A pilot study was conducted among 26 medical students/interns. Students were asked to complete the final version of the questionnaire. Cronbach’s alpha was calculated to check the statistical reliability of the following parts of the questionnaire (assessment of perception, attitude, and interest of medical students/interns toward medical leadership). Cronbach’s alpha for the assessment of perception toward medical leadership (4 items) was 0.725; for the assessment of attitude toward medical leadership (4 items), it was 0.710; and for the assessment of interest toward medical leadership (4 items), was 0.774, which proved statistical validity in all of these parts respectively.

Ethical Consideration

Based on the Declaration of Helsinki, Institutional Review Board approval was obtained from the Medical Research Unit, College of Medicine, Imam Mohammad ibn Saud Islamic University, Riyadh, Saudi Arabia, Project Number 418/2023, on January 20, 2023.

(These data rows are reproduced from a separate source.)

(* Let $X$ be a separable metrizable space and $A\subsetneq X$ a proper subset. Then $\mathcal{M}(A)$ is of type $Z$ in $\mathcal{M}(X)$. More precisely, for $a\in X\setminus A$, the maps $\Phi_n\colon\mathcal{M}(X)\to\mathcal{M}(X)$, $\Phi_n(u)=a$ on $[0,1/n)$ and $\Phi_n(u)=u$ on $[1/n,1]$, have images disjoint from $\mathcal{M}(A)$ and converge to $\mathrm{id}_{\mathcal{M}(X)}$ uniformly on compact subsets of $\mathcal{M}(X)$. Moreover, $\overline{\mathcal{M}(A)}=\mathcal{M}(\overline{A})$.
   Context: For a separable metrizable space $X$, $\mathcal{M}(X)$ is the space of equivalence classes (modulo equality Lebesgue-a.e. on $[0,1]$) of Lebesgue measurable functions $u\colon[0,1]\to X$, topologized by the metric $(u,w)\mapsto\int_0^1 d(u(t),w(t))\,dt$ for any compatible bounded metric $d$ on $X$. For $A\subset X$, $\mathcal{M}(A)$ is the subset of $\mathcal{M}(X)$ of classes with a representative with values in $A$. A subset $B$ of a metric space $Z$ is of type $Z$ if the continuous maps from the Hilbert cube $Q$ into $Z\setminus B$ are dense in $\mathcal{C}(Q,Z)$ in the topology of uniform convergence. *)

theory Defs
  imports "HOL-Analysis.Analysis"
begin

text \<open>Representatives of elements of M(X): Lebesgue measurable maps [0,1] -> X.
  Two representatives are identified iff they agree a.e.; we work with the
  pseudo-metric on representatives (its metric quotient is M(X)).\<close>

definition Meas :: "(real \<Rightarrow> 'a::topological_space) set" where
  "Meas = {u. u \<in> borel_measurable (lebesgue_on {0..1})}"

text \<open>The metric of M(X), using the compatible bounded metric min(dist,1) on X.\<close>
definition dist_M :: "(real \<Rightarrow> 'a::metric_space) \<Rightarrow> (real \<Rightarrow> 'a) \<Rightarrow> real" where
  "dist_M u w = integral\<^sup>L (lebesgue_on {0..1}) (\<lambda>t. min (dist (u t) (w t)) 1)"
(* For $t \in \{0,1,\dots,T\}$ let \[\varphi(t) := \sum_{s=1}^t \nabla L^s(\mathbf{w}^s)\cdot(\mathbf{w}^s - \mathbf{w}^{s+1}) + 19 m^2\gamma^2\eta (T-t) - 4\gamma\sum_{i=1}^m \ln w_i^{t+1},\] where $\nabla L^s(\mathbf{w}^s) = (\partial_1 L^s(\mathbf{w}^s),\dots,\partial_m L^s(\mathbf{w}^s))$. Fix $\alpha\in(0,1/2)$, $m$, $n$. For all sufficiently large $T$, in every run of Algorithm 1 in which the small gradient assumption holds, $\varphi(t)$ is a decreasing function of $t$.
   Context: Setting. There are $m$ experts and $n$ outcomes; $\Delta^k$ is the probability simplex in $\mathbb{R}^k$. For reports $\mathbf{p}^1,\dots,\mathbf{p}^m\in\Delta^n$ and $\mathbf{w}\in\Delta^m$, the logarithmic pool is $p^*_j(\mathbf{w}) = \frac{\prod_k (p^k_j)^{w_k}}{\sum_{\ell}\prod_k (p^k_\ell)^{w_k}}$. At each time $t\in[T]$, reports $\mathbf{p}^{t,1},\dots,\mathbf{p}^{t,m}$ and an outcome $j_t$ are revealed, with loss $L^t(\mathbf{w}) := -\ln p^*_{j_t}(\mathbf{w})$ and, by convention, $\partial_i L^t(\mathbf{w}) := \sum_{\ell} p^*_\ell(\mathbf{w}) \ln p^{t,i}_\ell - \ln p^{t,i}_{j_t}$. Algorithm 1 (parameter $\alpha \in (0,1/2)$): $R(\mathbf{w}) = -\frac{1}{\alpha}\sum_i w_i^\alpha$, $\eta = \frac{1}{\sqrt{T}\ln T}\cdot\frac{1}{12 m^{(1+\alpha)/2} n}$, $\mathbf{w}^1 = (1/m,\dots,1/m)$, $\eta_0=+\infty$. For $t=1,\dots,T$: if $\eta \le \min_i (w_i^t)^\alpha$ set $\eta_t = \min(\eta_{t-1},\eta)$, else $\eta_t = \min(\eta_{t-1}, \min_i w_i^t)$; then $\mathbf{w}^{t+1}\in\Delta^m$ is defined by $-(w_i^{t+1})^{\alpha-1} = -(w_i^t)^{\alpha-1} - \eta_t\partial_i L^t(\mathbf{w}^t) + c$ for all $i$, with $c$ the unique constant making $\sum_i w_i^{t+1}=1$. Let $\gamma := 12 n \ln T$. The small gradient assumption holds for a run if for every $t\in[T]$ and $i\in[m]$: $-\frac{\gamma}{w_i^t} \le \partial_i L^t(\mathbf{w}^t) \le \gamma$. *)

theory Defs
  imports Complex_Main
begin

text \<open>Experts are indexed by 1..m, outcomes by 1..n, time steps by 1..T.
  A report profile at one time step is P :: nat => nat => real with P i j = p^i_j.\<close>

definition in_simplex :: "nat \<Rightarrow> (nat \<Rightarrow> real) \<Rightarrow> bool" where
  "in_simplex k p \<longleftrightarrow> (\<forall>i\<in>{1..k}. 0 \<le> p i) \<and> (\<Sum>i=1..k. p i) = 1"

definition log_pool :: "nat \<Rightarrow> nat \<Rightarrow> (nat \<Rightarrow> nat \<Rightarrow> real) \<Rightarrow> (nat \<Rightarrow> real) \<Rightarrow> nat \<Rightarrow> real" where
  "log_pool m n P w j =
     (\<Prod>k=1..m. P k j powr w k) / (\<Sum>l=1..n. \<Prod>k=1..m. P k l powr w k)"

definition loss_grad :: "nat \<Rightarrow> nat \<Rightarrow> (nat \<Rightarrow> nat \<Rightarrow> real) \<Rightarrow> nat \<Rightarrow> (nat \<Rightarrow> real) \<Rightarrow> nat \<Rightarrow> real" where
  "loss_grad m n P j w i = (\<Sum>l=1..n. log_pool m n P w l * ln (P i l)) - ln (P i j)"

definition eta_base :: "real \<Rightarrow> nat \<Rightarrow> nat \<Rightarrow> nat \<Rightarrow> real" where
  "eta_base \<alpha> m n T = 1 / (sqrt (real T) * ln (real T)) * (1 / (12 * real m powr ((1 + \<alpha>) / 2) * real n))"

definition eta_cand :: "real \<Rightarrow> nat \<Rightarrow> nat \<Rightarrow> nat \<Rightarrow> (nat \<Rightarrow> nat \<Rightarrow> real) \<Rightarrow> nat \<Rightarrow> real" where
  "eta_cand \<alpha> m n T w t =
     (if eta_base \<alpha> m n T \<le> Min ((\<lambda>i. w t i powr \<alpha>) ` {1..m})
      then eta_base \<alpha> m n T else Min ((\<lambda>i. w t i) ` {1..m}))"

text \<open>eta_t = min(eta_{t-1}, candidate_t) with eta_0 = +infinity, i.e. the minimum of the
  candidates at steps 1..t.\<close>
definition eta_run :: "real \<Rightarrow> nat \<Rightarrow> nat \<Rightarrow> nat \<Rightarrow> (nat \<Rightarrow> nat \<Rightarrow> real) \<Rightarrow> nat \<Rightarrow> real" where
  "eta_run \<alpha> m n T w t = Min ((eta_cand \<alpha> m n T w) ` {1..t})"
(* Let $H$ be a connected, non-bipartite constraint graph on nodes $\{1,\dots,q\}$, let $r\ge1$, and fix a root $x$ of $\mathbb{T}^r$. Then every simple semi-invariant Gibbs measure $\mu$ on $\hom(\mathbb{T}^r,H)$ (for some activity vector) is obtained as follows: there are positive node-weights $w$ on $2H$ such that $\mu$ is the law of $|\psi|$, where $\psi$ is the random element of $\hom(\mathbb{T}^r,2H)$ produced by the $r$-branching $w$-random walk on $2H$ with the root spin $\psi(x)$ drawn from the stationary distribution of that walk restricted to the positive nodes $\{1,\dots,q\}$ and renormalized.
   Context: A constraint graph is a finite graph with loops allowed and no multiple edges; $N(i)$ is the set of nodes adjacent to $i$. The bipartite double $2H$ has nodes $\{\pm1,\dots,\pm q\}$, with $i\sim j$ in $2H$ iff $i,j$ have opposite signs and $|i|\sim|j|$ in $H$ (a loop at $i$ in $H$ becomes the edge $\{i,-i\}$). For $\psi\in\hom(\mathbb{T}^r,2H)$, $|\psi|(v)=|\psi(v)|$ defines an element of $\hom(\mathbb{T}^r,H)$. $\mathbb{T}^r$ is the infinite connected cycle-free graph with all degrees $r+1$; a site is even or odd according to the parity of its distance from $x$. A measure on $\hom(\mathbb{T}^r,H)$ is semi-invariant if $\mu(S\circ\kappa)=\mu(S)$ for every measurable $S$ and every automorphism $\kappa$ of $\mathbb{T}^r$ preserving parity, where $S\circ\kappa=\{\varphi\circ\kappa:\varphi\in S\}$. Activity vectors, Gibbs measures: for positive $\lambda$, a probability measure on $\hom(\mathbb{T}^r,H)$ is Gibbs for $\lambda$ if for every finite set $U$ of sites its conditional law on $U$ given the configuration off $U$ is a.s. the conditional law, given the values on $\partial U$ (the sites outside $U$ adjacent to $U$), under the measure on $\hom(U\cup\partial U,H)$ with weights $\prod_v\lambda_{\varphi(v)}$. A Gibbs measure on a tree is simple if, for every site $u$ and spin $i$, the restrictions of $\varphi$ to the components of $\mathbb{T}^r\setminus\{u\}$ are mutually independent given $\varphi(u)=i$. The $r$-branching $w$-random walk on a graph $K$ with positive node weights $w$: with $z_i=\sum_{j\in N(i)}w_j$, each child of a site with spin $i$ receives spin $j\in N(i)$ with probability $w_j/z_i$, independently given the parent's spin; its stationary distribution is $\pi_i\propto w_iz_i$. *)

theory Defs
  imports "HOL-Probability.Probability"
begin

text \<open>A constraint graph H on nodes 1..q is given by a symmetric relation E
(loops allowed) whose edges only join nodes in 1..q.\<close>

definition constraint_graph :: "nat \<Rightarrow> (nat \<Rightarrow> nat \<Rightarrow> bool) \<Rightarrow> bool" where
  "constraint_graph q E \<longleftrightarrow>
     (\<forall>i j. E i j \<longrightarrow> E j i) \<and> (\<forall>i j. E i j \<longrightarrow> i \<in> {1..q} \<and> j \<in> {1..q})"

definition graph_connected :: "nat \<Rightarrow> (nat \<Rightarrow> nat \<Rightarrow> bool) \<Rightarrow> bool" where
  "graph_connected q E \<longleftrightarrow> (\<forall>i\<in>{1..q}. \<forall>j\<in>{1..q}. E\<^sup>*\<^sup>* i j)"

definition graph_bipartite :: "nat \<Rightarrow> (nat \<Rightarrow> nat \<Rightarrow> bool) \<Rightarrow> bool" where
  "graph_bipartite q E \<longleftrightarrow>
     (\<exists>c :: nat \<Rightarrow> bool. \<forall>i\<in>{1..q}. \<forall>j\<in>{1..q}. E i j \<longrightarrow> c i \<noteq> c j)"

text \<open>Bipartite double 2H: nodes are the nonzero integers -q..q.\<close>

definition double_nodes :: "nat \<Rightarrow> int set" where
  "double_nodes q = {i. i \<noteq> 0 \<and> \<bar>i\<bar> \<le> int q}"

definition double_adj :: "nat \<Rightarrow> (nat \<Rightarrow> nat \<Rightarrow> bool) \<Rightarrow> int \<Rightarrow> int \<Rightarrow> bool" where
  "double_adj q E i j \<longleftrightarrow>
     i \<in> double_nodes q \<and> j \<in> double_nodes q \<and> i * j < 0 \<and> E (nat \<bar>i\<bar>) (nat \<bar>j\<bar>)"

text \<open>Sites of T^r are lists: the empty list, whose r+1 neighbours are the lists [a]
with a \<le> r; every other site v has the children v @ [a] with a < r and parent butlast v.\<close>

definition tree_verts :: "nat \<Rightarrow> nat list set" where
  "tree_verts r = {v. v = [] \<or> (hd v \<le> r \<and> (\<forall>a\<in>set (tl v). a < r))}"

definition tree_adj :: "nat \<Rightarrow> nat list \<Rightarrow> nat list \<Rightarrow> bool" where
  "tree_adj r u v \<longleftrightarrow> u \<in> tree_verts r \<and> v \<in> tree_verts r \<and>
     ((v \<noteq> [] \<and> u = butlast v) \<or> (u \<noteq> [] \<and> v = butlast u))"

fun lcp :: "nat list \<Rightarrow> nat list \<Rightarrow> nat list" where
  "lcp (a # as) (b # bs) = (if a = b then a # lcp as bs else [])"
| "lcp _ _ = []"

definition tdist :: "nat list \<Rightarrow> nat list \<Rightarrow> nat" where
  "tdist u v = length u + length v - 2 * length (lcp u v)"

definition tparent :: "nat \<Rightarrow> nat list \<Rightarrow> nat list \<Rightarrow> nat list" where
  "tparent r x v = (THE u. tree_adj r u v \<and> tdist x u < tdist x v)"

definition ball :: "nat \<Rightarrow> nat list \<Rightarrow> nat \<Rightarrow> nat list set" where
  "ball r x n = {v \<in> tree_verts r. tdist x v \<le> n}"

definition cfgM :: "nat \<Rightarrow> (nat list \<Rightarrow> nat) measure" where
  "cfgM r = PiM (tree_verts r) (\<lambda>_. count_space UNIV)"

definition cfgM2 :: "nat \<Rightarrow> (nat list \<Rightarrow> int) measure" where
  "cfgM2 r = PiM (tree_verts r) (\<lambda>_. count_space UNIV)"

definition hom_on :: "nat \<Rightarrow> nat \<Rightarrow> (nat \<Rightarrow> nat \<Rightarrow> bool) \<Rightarrow> nat list set \<Rightarrow> (nat list \<Rightarrow> nat) \<Rightarrow> bool" where
  "hom_on r q E A \<phi> \<longleftrightarrow> (\<forall>v\<in>A. \<phi> v \<in> {1..q}) \<and> (\<forall>u\<in>A. \<forall>v\<in>A. tree_adj r u v \<longrightarrow> E (\<phi> u) (\<phi> v))"

definition is_hom :: "nat \<Rightarrow> nat \<Rightarrow> (nat \<Rightarrow> nat \<Rightarrow> bool) \<Rightarrow> (nat list \<Rightarrow> nat) \<Rightarrow> bool" where
  "is_hom r q E \<phi> \<longleftrightarrow> hom_on r q E (tree_verts r) \<phi>"

definition boundary :: "nat \<Rightarrow> nat list set \<Rightarrow> nat list set" where
  "boundary r U = {v \<in> tree_verts r - U. \<exists>u\<in>U. tree_adj r u v}"

definition spec_weight :: "nat \<Rightarrow> nat \<Rightarrow> (nat \<Rightarrow> nat \<Rightarrow> bool) \<Rightarrow> (nat \<Rightarrow> real) \<Rightarrow> nat list set
     \<Rightarrow> (nat list \<Rightarrow> nat) \<Rightarrow> (nat list \<Rightarrow> nat) \<Rightarrow> real" where
  "spec_weight r q E lam U \<eta> \<phi> =
     (if hom_on r q E (U \<union> boundary r U) (\<lambda>v. if v \<in> U then \<eta> v else \<phi> v)
      then (\<Prod>v\<in>U. lam (\<eta> v)) else 0)"

definition spec_kernel :: "nat \<Rightarrow> nat \<Rightarrow> (nat \<Rightarrow> nat \<Rightarrow> bool) \<Rightarrow> (nat \<Rightarrow> real) \<Rightarrow> nat list set
     \<Rightarrow> (nat list \<Rightarrow> nat) \<Rightarrow> (nat list \<Rightarrow> nat) \<Rightarrow> real" where
  "spec_kernel r q E lam U \<eta> \<phi> =
     spec_weight r q E lam U \<eta> \<phi> / (\<Sum>\<eta>'\<in>(U \<rightarrow>\<^sub>E {1..q}). spec_weight r q E lam U \<eta>' \<phi>)"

Participation in this study was voluntary; participants were notified of their consent and invited to participate. Participants did not earn a material income due to their participation.

Statistical Analysis

The data were analyzed using the software program Statistical Packages for Software Sciences (SPSS) version 26 (Armonk, New York, IBM Corporation, USA). Descriptive statistics were given as numbers and percentages (%) for all categorical variables, while continuous variables were calculated and summarized as mean and standard deviation. The differences in the perception, attitude, and interest scores have been conducted using the Mann–Whitney Z-test and the Kruskal Wallis H-test. Normality tests were performed using the Shapiro–Wilk test and the Kolmogorov–Smirnov test. The perception, attitude, and interest scores follow the normal distribution. Thus, the parametric tests were applied. A paired sample t-test was used to determine the difference between pre and post-PISQ-IR scores. Values were considered significant with a p-value of less than 0.05.

Results

This study enrolled 519 medical students and interns. Table 1 describes the medical students/interns’ socio-demographic characteristics. Nearly all were Saudis (92.9%), and 36.6% were medical interns. Students who had a 4 to 4.49 GPA constitute 28.3%. In addition, 50.1% preferred surgical specialties. Figure 1 Display the distribution of responses among medical colleges in Saudi Arabia. Most medical students/interns believe leadership training should be gained during a medical career through problem based learning (PBL) (45.5%), followed by residency training (43.7%) and during the Internship (34.9%) (Figure 2).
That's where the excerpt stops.